We don’t have it shown in the graphic, but we also inserted a module into the IP pipeline that changes the colour of certain pixels before they go to the HDMI controller. For the demo this was an absolute minimum because it was hardware logic we could build with TDD. This absolute minimum was enough to impress a few software people that saw the demo, which was good. Hardware designers, though, would probably have laughed at our TDD-built module… mainly because it was laughably simple and doesn’t even come close to proving TDD of RTL is viable.
So that’s where we were as of August 2014… we had a demo that showed TDD is viable for writing embedded software while in all honesty, we were pretending TDD was viable on the hardware side.
No more pretending to do TDD of RTL. It’s time for the real thing.

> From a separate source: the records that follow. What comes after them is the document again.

(* Let $X$ be a complex Banach space and let $T\in\mathcal{B}(X)$ be a power-bounded operator such that $\sigma(T)\cap\mathbb{T}=\{1\}$. Let $m:(0,\pi]\to(0,\infty)$ be defined by $m(\theta)=\sup\{\|R(\mathrm{e}^{\mathrm{i}\vartheta},T)\|:\theta\leq|\vartheta|\leq\pi\}$. Suppose that $$\lim_{\theta\to0}\max\big\{\|\theta R(\mathrm{e}^{\mathrm{i}\theta},T)\|,\|\theta R(\mathrm{e}^{-\mathrm{i}\theta},T)\|\big\}=\infty.$$ Then, given any right-inverse $m^{-1}$ of $m$ (defined on the range of $m$), there exist constants $c,C>0$ such that $\|T^n(I-T)\|\geq c\, m^{-1}(Cn)$ for all sufficiently large $n\geq0$.
   Context: $T$ is power-bounded if $\sup_{n\geq0}\|T^n\|<\infty$; $\mathbb{T}$ is the unit circle; $R(\lambda,T)=(\lambda-T)^{-1}$. The function $m$ is continuous and decreasing; a right-inverse $m^{-1}$ is a function on the range of $m$ with $m(m^{-1}(s))=s$. *)

theory Defs
  imports "HOL-Analysis.Analysis"
begin

text \<open>Complex vector spaces: HOL-Analysis only has real vector spaces, so we
  add complex scalar multiplication compatible with the real one.\<close>

class complex_vector = real_vector +
  fixes scaleC :: "complex \<Rightarrow> 'a \<Rightarrow> 'a"  (infixr \<open>*\<^sub>C\<close> 75)
  assumes scaleC_add_right: "a *\<^sub>C (x + y) = a *\<^sub>C x + a *\<^sub>C y"
    and scaleC_add_left: "(a + b) *\<^sub>C x = a *\<^sub>C x + b *\<^sub>C x"
    and scaleC_scaleC: "a *\<^sub>C (b *\<^sub>C x) = (a * b) *\<^sub>C x"
    and scaleC_one: "1 *\<^sub>C x = x"
    and scaleC_of_real: "(complex_of_real r) *\<^sub>C x = r *\<^sub>R x"

class complex_normed_vector = complex_vector + real_normed_vector +
  assumes norm_scaleC: "norm (a *\<^sub>C x) = cmod a * norm x"

class complex_banach = complex_normed_vector + complete_space

definition bounded_clinear_op :: "('a::complex_normed_vector \<Rightarrow> 'a) \<Rightarrow> bool" where
  "bounded_clinear_op T \<longleftrightarrow> bounded_linear T \<and> (\<forall>c x. T (c *\<^sub>C x) = c *\<^sub>C T x)"

definition is_resolvent :: "('a::complex_normed_vector \<Rightarrow> 'a) \<Rightarrow> complex \<Rightarrow> ('a \<Rightarrow> 'a) \<Rightarrow> bool" where
  "is_resolvent T l S \<longleftrightarrow> (\<forall>x. S (l *\<^sub>C x - T x) = x) \<and> (\<forall>x. l *\<^sub>C S x - T (S x) = x)"

definition resolvent_set :: "('a::complex_normed_vector \<Rightarrow> 'a) \<Rightarrow> complex set" where
  "resolvent_set T = {l. \<exists>S. bounded_clinear_op S \<and> is_resolvent T l S}"

definition spectrum :: "('a::complex_normed_vector \<Rightarrow> 'a) \<Rightarrow> complex set" where
  "spectrum T = - resolvent_set T"

definition resolvent :: "complex \<Rightarrow> ('a::complex_normed_vector \<Rightarrow> 'a) \<Rightarrow> ('a \<Rightarrow> 'a)" where
  "resolvent l T = (THE S. is_resolvent T l S)"

definition power_bounded :: "('a::real_normed_vector \<Rightarrow> 'a) \<Rightarrow> bool" where
  "power_bounded T \<longleftrightarrow> (\<exists>M. \<forall>n. onorm (T ^^ n) \<le> M)"

definition resolvent_growth :: "('a::complex_normed_vector \<Rightarrow> 'a) \<Rightarrow> real \<Rightarrow> real" where
  "resolvent_growth T \<theta> = Sup {onorm (resolvent (cis t) T) | t. \<theta> \<le> \<bar>t\<bar> \<and> \<bar>t\<bar> \<le> pi}"
(* Let $\phi$ be a PDL formula in negation normal form, and let $T$ be an expanded tableau whose root is $r=(\{\phi\} :: [\,],\bot,\emptyset,\emptyset :: \mathrm{stat},\mathrm{uev})$, with $\mathrm{stat}$ and $\mathrm{uev}$ determined from the children of $r$ by the rules. If $r$ is open (i.e. $\mathrm{stat}_r=\mathbf{open}$), then there exists a Hintikka structure for $\phi$.
   Context: Syntax of PDL. Fix disjoint countably infinite sets $\mathrm{AFml}$ (propositional atoms $p,q,\dots$) and $\mathrm{APrg}$ (atomic programs $a,b,\dots$). Formulae and programs are defined by mutual induction. Every atom is a formula and every atomic program is a program. If $\varphi,\psi$ are formulae, then $\neg\varphi$, $\varphi\wedge\psi$, $\varphi\vee\psi$ are formulae and $\varphi?$ is a program. If $\varphi$ is a formula and $\alpha$ a program, then $\langle\alpha\rangle\varphi$ and $[\alpha]\varphi$ are formulae. If $\alpha,\beta$ are programs, then $\alpha;\beta$, $\alpha\cup\beta$ and $\alpha^*$ are programs. A $\langle\rangle$-formula is any $\langle\alpha\rangle\varphi$. It is a non-atomic diamond formula if $\alpha\notin\mathrm{APrg}$. A $\langle{*}\rangle$-formula is any $\langle\alpha^*\rangle\varphi$. NNF means $\neg$ occurs only directly in front of atoms. $\mathrm{nnf}(\varphi)$ is the equivalent NNF formula obtained by pushing negations inward, and ${\sim}\varphi:=\mathrm{nnf}(\neg\varphi)$. Let $\mathrm{ppre}(\varphi):=\{\langle\alpha_1\rangle\cdots\langle\alpha_k\rangle\varphi: k\ge0,\ \alpha_i \text{ programs}\}$. Hintikka structures. - A structure $(W,R,L)$ for $\phi$ consists of a nonempty set $W$, a relation $R_a\subseteq W\times W$ for each $a\in\mathrm{APrg}$, and a labelling $L:W\to 2^{\mathrm{Fml}}$ with $\phi\in L(v)$ for some $v\in W$. - The relation $\leadsto$ is defined by: $\langle\alpha;\beta\rangle\chi\leadsto\langle\alpha\rangle\langle\beta\rangle\chi$; $\langle\alpha\cup\beta\rangle\chi\leadsto\langle\alpha\rangle\chi$ and $\langle\alpha\cup\beta\rangle\chi\leadsto\langle\beta\rangle\chi$; $\langle\alpha^*\rangle\chi\leadsto\chi$ and $\langle\alpha^*\rangle\chi\leadsto\langle\alpha\rangle\langle\alpha^*\rangle\chi$; $\langle\theta?\rangle\chi\leadsto\chi$; and nothing else. - A fulfilling chain for $(\varphi,\beta,w)$ in $H=(W,R,L)$ is a sequence $(w_0,\psi_0),\dots,(w_n,\psi_n)$, $n\ge0$, such that: - each $w_i\in W$, each $\psi_i\in\mathrm{ppre}(\varphi)$, and $\psi_i\in L(w_i)$; - $w_0=w$, $\psi_0=\langle\beta\rangle\varphi$, $\psi_n=\varphi$, and $\psi_i\ne\varphi$ for $i<n$; - for $i<n$: if $\psi_i=\langle a\rangle\chi$ with $a\in\mathrm{APrg}$, then $\psi_{i+1}=\chi$ and $(w_i,w_{i+1})\in R_a$; otherwise $\psi_i\leadsto\psi_{i+1}$ and $w_i=w_{i+1}$. - $\alpha$-formulae with components $(\alpha_1;\alpha_2)$ are: $\varphi\wedge\psi:(\varphi;\psi)$; $[\alpha\cup\beta]\varphi:([\alpha]\varphi;[\beta]\varphi)$; $[\alpha^*]\varphi:(\varphi;[\alpha][\alpha^*]\varphi)$; $\langle\psi?\rangle\varphi:(\varphi;\psi)$; $\langle\alpha;\beta\rangle\varphi:(\langle\alpha\rangle\langle\beta\rangle\varphi;\text{none})$; $[\alpha;\beta]\varphi:([\alpha][\beta]\varphi;\text{none})$. - $\beta$-formulae with components $(\beta_1;\beta_2)$ are: $\varphi\vee\psi:(\varphi;\psi)$; $\langle\alpha\cup\beta\rangle\varphi:(\langle\alpha\rangle\varphi;\langle\beta\rangle\varphi)$; $\langle\alpha^*\rangle\varphi:(\varphi;\langle\alpha\rangle\langle\alpha^*\rangle\varphi)$; $[\psi?]\varphi:(\varphi;{\sim}\psi)$. - A Hintikka structure for $\phi$ is a structure for $\phi$ such that for all $w\in W$: - (H1) $\neg p\in L(w)\Rightarrow p\notin L(w)$; - (H2) if an $\alpha$-formula is in $L(w)$ then its component(s) are in $L(w)$; - (H3) if a $\beta$-formula is in $L(w)$ then $\beta_1\in L(w)$ or $\beta_2\in L(w)$; - (H4) $\langle a\rangle\varphi\in L(w)\Rightarrow$ there is $v$ with $(w,v)\in R_a$ and $\varphi\in L(v)$; - (H5) $[a]\varphi\in L(w)\Rightarrow\varphi\in L(v)$ for all $v$ with $(w,v)\in R_a$; - (H6) $\langle\alpha^*\rangle\varphi\in L(w)\Rightarrow$ there is a fulfilling chain for $(\varphi,\alpha^*,w)$ in $H$. Tableau nodes. A node has the form $(\Gamma :: \mathrm{HCr},\mathrm{Nx},\mathrm{BD},\mathrm{BB} :: \mathrm{stat},\mathrm{uev})$, where: - $\Gamma$ is a finite set of formulae; - $\mathrm{HCr}$ is a finite list of pairs $(\varphi,\Delta)$ with $\varphi\in\Delta$, with length $\mathrm{len}(\mathrm{HCr})$, $j$-th entry $\mathrm{HCr}[j]$, and concatenation $@$; - $\mathrm{Nx}$ is $\bot$ or a formula; - $\mathrm{BD},\mathrm{BB}$ are sets of formulae; - $\mathrm{stat}\in\{\mathbf{unsat},\mathbf{open},\mathbf{barred}\}$; - $\mathrm{uev}$ is a partial function from pairs ($\langle\rangle$-formula, $\langle{*}\rangle$-formula) to positive integers ($\bot$ = undefined). Auxiliary functions: - $\mathrm{uev}_\bot$ is everywhere undefined. - $\mathrm{tst}(\chi)=\chi$ if $\chi$ is a non-atomic diamond formula, else $\bot$. - $\mathrm{bl}(\chi,\Gamma)=\Gamma$ if $\chi$ is a non-atomic diamond formula, else $\emptyset$. - $\min_\bot(f,g)(\chi_1,\chi_2)$ is undefined if either value is undefined, else the minimum. Rules. The premise set is the displayed principal formula disjointly united with $\Gamma$. Unmentioned histories are copied from parent to children; one-child rules copy the child's $\mathrm{stat}$ to the parent. Terminal rules: - (id): applicable if $\{p,\neg p\}\subseteq\Gamma$; set $\mathrm{stat}:=\mathbf{unsat}$ and $\mathrm{uev}:=\mathrm{uev}_\bot$. - ($\langle*\rangle_2$): premise $\langle\alpha^*\rangle\varphi,\Gamma$ with $\mathrm{Nx}\in\{\bot,\langle\alpha^*\rangle\varphi\}$ and $\langle\alpha^*\rangle\varphi\in\mathrm{BD}$; set $\mathrm{stat}:=\mathbf{barred}$ and $\mathrm{uev}:=\mathrm{uev}_\bot$. Linear rules with $\mathrm{Nx}=\bot$, in each of which $\mathrm{uev}(\chi_1,\chi_2)=\mathrm{uev}_1(\chi_1,\chi_2)$ if $\chi_1\in\Gamma$, else $\bot$: - ($\wedge$): $\varphi\wedge\psi,\Gamma$ has the child $\{\varphi,\psi\}\cup\Gamma$; - ($[\cup]$): $[\alpha\cup\beta]\varphi,\Gamma$ has the child $\{[\alpha]\varphi,[\beta]\varphi\}\cup\Gamma$; - ($[;]$): $[\alpha;\beta]\varphi,\Gamma$ has the child $\{[\alpha][\beta]\varphi\}\cup\Gamma$; - ($[*]$): $[\alpha^*]\varphi,\Gamma$ has a child with set $\Gamma$ if $[\alpha^*]\varphi\in\mathrm{BB}$ and $\{\varphi,[\alpha][\alpha^*]\varphi\}\cup\Gamma$ otherwise, and $\mathrm{BB}_1=\{[\alpha^*]\varphi\}\cup\mathrm{BB}$. Further linear rules: - ($\langle;\rangle$): premise $\langle\alpha;\beta\rangle\varphi,\Gamma$ with $\mathrm{Nx}\in\{\bot,\langle\alpha;\beta\rangle\varphi\}$. The child is $\{\langle\alpha\rangle\langle\beta\rangle\varphi\}\cup\Gamma$ with $\mathrm{Nx}_1=\mathrm{tst}(\langle\alpha\rangle\langle\beta\rangle\varphi)$ and $\mathrm{BD}_1=\mathrm{bl}(\langle\alpha\rangle\langle\beta\rangle\varphi,\mathrm{BD})$. Set $\mathrm{uev}(\chi_1,\chi_2)$ to be $\mathrm{uev}_1(\langle\alpha\rangle\langle\beta\rangle\varphi,\chi_2)$ if $\chi_1$ is the principal formula; $\mathrm{uev}_1(\chi_1,\chi_2)$ if $\chi_1\in\Gamma$; and $\bot$ otherwise. - ($\langle?\rangle$): premise $\langle\psi?\rangle\varphi,\Gamma$ with $\mathrm{Nx}\in\{\bot,\langle\psi?\rangle\varphi\}$. The child is $\{\psi,\varphi\}\cup\Gamma$ with $\mathrm{Nx}_1=\mathrm{tst}(\varphi)$ and $\mathrm{BD}_1=\mathrm{bl}(\varphi,\mathrm{BD})$. Set $\mathrm{uev}(\chi_1,\chi_2)$ to be $\mathrm{uev}_1(\varphi,\chi_2)$ if $\chi_1$ is the principal formula; $\mathrm{uev}_1(\chi_1,\chi_2)$ if $\chi_1\in\Gamma$; and $\bot$ otherwise. Branching rules ($i=1,2$): - ($\vee$): premise $\varphi_1\vee\varphi_2,\Gamma$ with $\mathrm{Nx}=\bot$; children $\{\varphi_i\}\cup\Gamma$. - ($[?]$): premise $[\psi?]\varphi,\Gamma$ with $\mathrm{Nx}=\bot$; children $\{{\sim}\psi\}\cup\Gamma$ and $\{\varphi\}\cup\Gamma$. - For both of these, $\mathrm{uev}'_i(\chi_1,\chi_2)=\mathrm{uev}_i(\chi_1,\chi_2)$ if $\chi_1\in\Gamma$, else $\bot$. - ($\langle\cup\rangle$): premise $\langle\alpha_1\cup\alpha_2\rangle\varphi,\Gamma$ with $\mathrm{Nx}\in\{\bot,\text{principal formula}\}$. The children are $\{\langle\alpha_i\rangle\varphi\}\cup\Gamma$ with $\mathrm{Nx}_i=\mathrm{tst}(\langle\alpha_i\rangle\varphi)$ and $\mathrm{BD}_i=\mathrm{bl}(\langle\alpha_i\rangle\varphi,\mathrm{BD})$. Set $\mathrm{uev}'_i(\chi_1,\chi_2)$ to be $\mathrm{uev}_i(\langle\alpha_i\rangle\varphi,\chi_2)$ if $\chi_1$ is the principal formula; $\mathrm{uev}_i(\chi_1,\chi_2)$ if $\chi_1\in\Gamma$; and $\bot$ otherwise. - ($\langle*\rangle_1$): premise $\langle\alpha^*\rangle\varphi,\Gamma$ with $\mathrm{Nx}\in\{\bot,\langle\alpha^*\rangle\varphi\}$ and $\langle\alpha^*\rangle\varphi\notin\mathrm{BD}$. - Child 1 is $\{\varphi\}\cup\Gamma$ with $\mathrm{Nx}_1=\mathrm{tst}(\varphi)$ and $\mathrm{BD}_1=\mathrm{bl}(\varphi,\{\langle\alpha^*\rangle\varphi\}\cup\mathrm{BD})$. - Child 2 is $\{\langle\alpha\rangle\langle\alpha^*\rangle\varphi\}\cup\Gamma$ with $\mathrm{Nx}_2=\mathrm{tst}(\langle\alpha\rangle\langle\alpha^*\rangle\varphi)$ and $\mathrm{BD}_2=\mathrm{bl}(\langle\alpha\rangle\langle\alpha^*\rangle\varphi,\{\langle\alpha^*\rangle\varphi\}\cup\mathrm{BD})$. - $\mathrm{uev}'_1(\chi_1,\chi_2)$ is $\bot$ if $\chi_1=\chi_2=\langle\alpha^*\rangle\varphi$; $\mathrm{uev}_1(\varphi,\chi_2)$ if $\chi_1=\langle\alpha^*\rangle\varphi\ne\chi_2$; $\mathrm{uev}_1(\chi_1,\chi_2)$ if $\chi_1\in\Gamma$; and $\bot$ otherwise. - $\mathrm{uev}'_2(\chi_1,\chi_2)$ is $\mathrm{uev}_2(\langle\alpha\rangle\langle\alpha^*\rangle\varphi,\chi_2)$ if $\chi_1=\langle\alpha^*\rangle\varphi$; $\mathrm{uev}_2(\chi_1,\chi_2)$ if $\chi_1\in\Gamma$; and $\bot$ otherwise. For all branching rules, the parent's variables are computed as follows. - $\mathrm{stat}=\mathbf{unsat}$ if both children are $\mathbf{unsat}$; $\mathbf{open}$ if some child is $\mathbf{open}$; and $\mathbf{barred}$ otherwise. - $\mathrm{uev}=\mathrm{uev}_\bot$ if $\mathrm{stat}\ne\mathbf{open}$. - Otherwise $\mathrm{uev}=\mathrm{uev}'_i$ if only child $i$ is open, and $\min_\bot(\mathrm{uev}'_1,\mathrm{uev}'_2)$ if both are open. Existential rule ($\langle\rangle$). The premise set is $\{\langle a_1\rangle\varphi_1,\dots,\langle a_{n+m}\rangle\varphi_{n+m}\}\uplus[-]\Delta\uplus\Gamma$, $n+m\ge0$, subject to the following conditions. - Each $a_i\in\mathrm{APrg}$. - $\Gamma$ consists only of atoms and negated atoms, with no $\{p,\neg p\}\subseteq\Gamma$. - $[-]\Delta$ consists only of formulae $[a]\psi$ with $a\in\mathrm{APrg}$. - Let $\Delta_i=\{\psi:[a_i]\psi\in[-]\Delta\}$. For $i\le n$, the pair $(\varphi_i,\{\varphi_i\}\cup\Delta_i)$ is not an entry of $\mathrm{HCr}$. For $n<k\le n+m$, $(\varphi_k,\{\varphi_k\}\cup\Delta_k)=\mathrm{HCr}[j]$ for some $j$. The children, for $i\le n$, are $\{\varphi_i\}\cup\Delta_i$ with $\mathrm{HCr}_i=\mathrm{HCr}\,@\,[(\varphi_i,\{\varphi_i\}\cup\Delta_i)]$, $\mathrm{Nx}_i=\mathrm{tst}(\varphi_i)$ and $\mathrm{BD}_i=\mathrm{BB}_i=\emptyset$. The parent's variables are computed as follows. - $\mathrm{stat}=\mathbf{unsat}$ if some $i\le n$ has $\mathrm{stat}_i\ne\mathbf{open}$, or there exist $i\le n$ and a $\langle{*}\rangle$-formula $\psi$ with $\varphi_i\in\mathrm{ppre}(\psi)$ and $\mathrm{uev}_i(\varphi_i,\psi)$ defined and $>\mathrm{len}(\mathrm{HCr})$. Otherwise $\mathrm{stat}=\mathbf{open}$. - For $n<k\le n+m$, $\mathrm{uev}_k$ is constantly $j$, where $\mathrm{HCr}[j]=(\varphi_k,\{\varphi_k\}\cup\Delta_k)$. - $\mathrm{uev}(\chi_1,\chi_2)=\mathrm{uev}_i(\varphi_i,\chi_2)$ if $\mathrm{stat}=\mathbf{open}$, $\chi_2$ is a $\langle{*}\rangle$-formula, $\chi_1\in\mathrm{ppre}(\chi_2)$ and $\chi_1=\langle a_i\rangle\varphi_i$ for some $i\le n+m$. Otherwise $\mathrm{uev}(\chi_1,\chi_2)=\bot$. Tableau. A tableau is a tree of nodes in which the children of each node come from a single application of one applicable rule (free choice), and each parent's $\mathrm{stat}$ and $\mathrm{uev}$ are computed from its children. It is expanded if no rule can be applied to any leaf. *)

theory Defs
  imports Main
begin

Over the last month, I’ve been hunkered down doing a real proof-of-concept to show that TDD is a viable technique for writing RTL. I’m replacing the trivial module we originally had in the demo with something far more substantial: a module that does some real processing of the video frames as they pass from the video DMA to the HDMI controller. Here’s the initial block diagram and plan I scribbled down a month ago…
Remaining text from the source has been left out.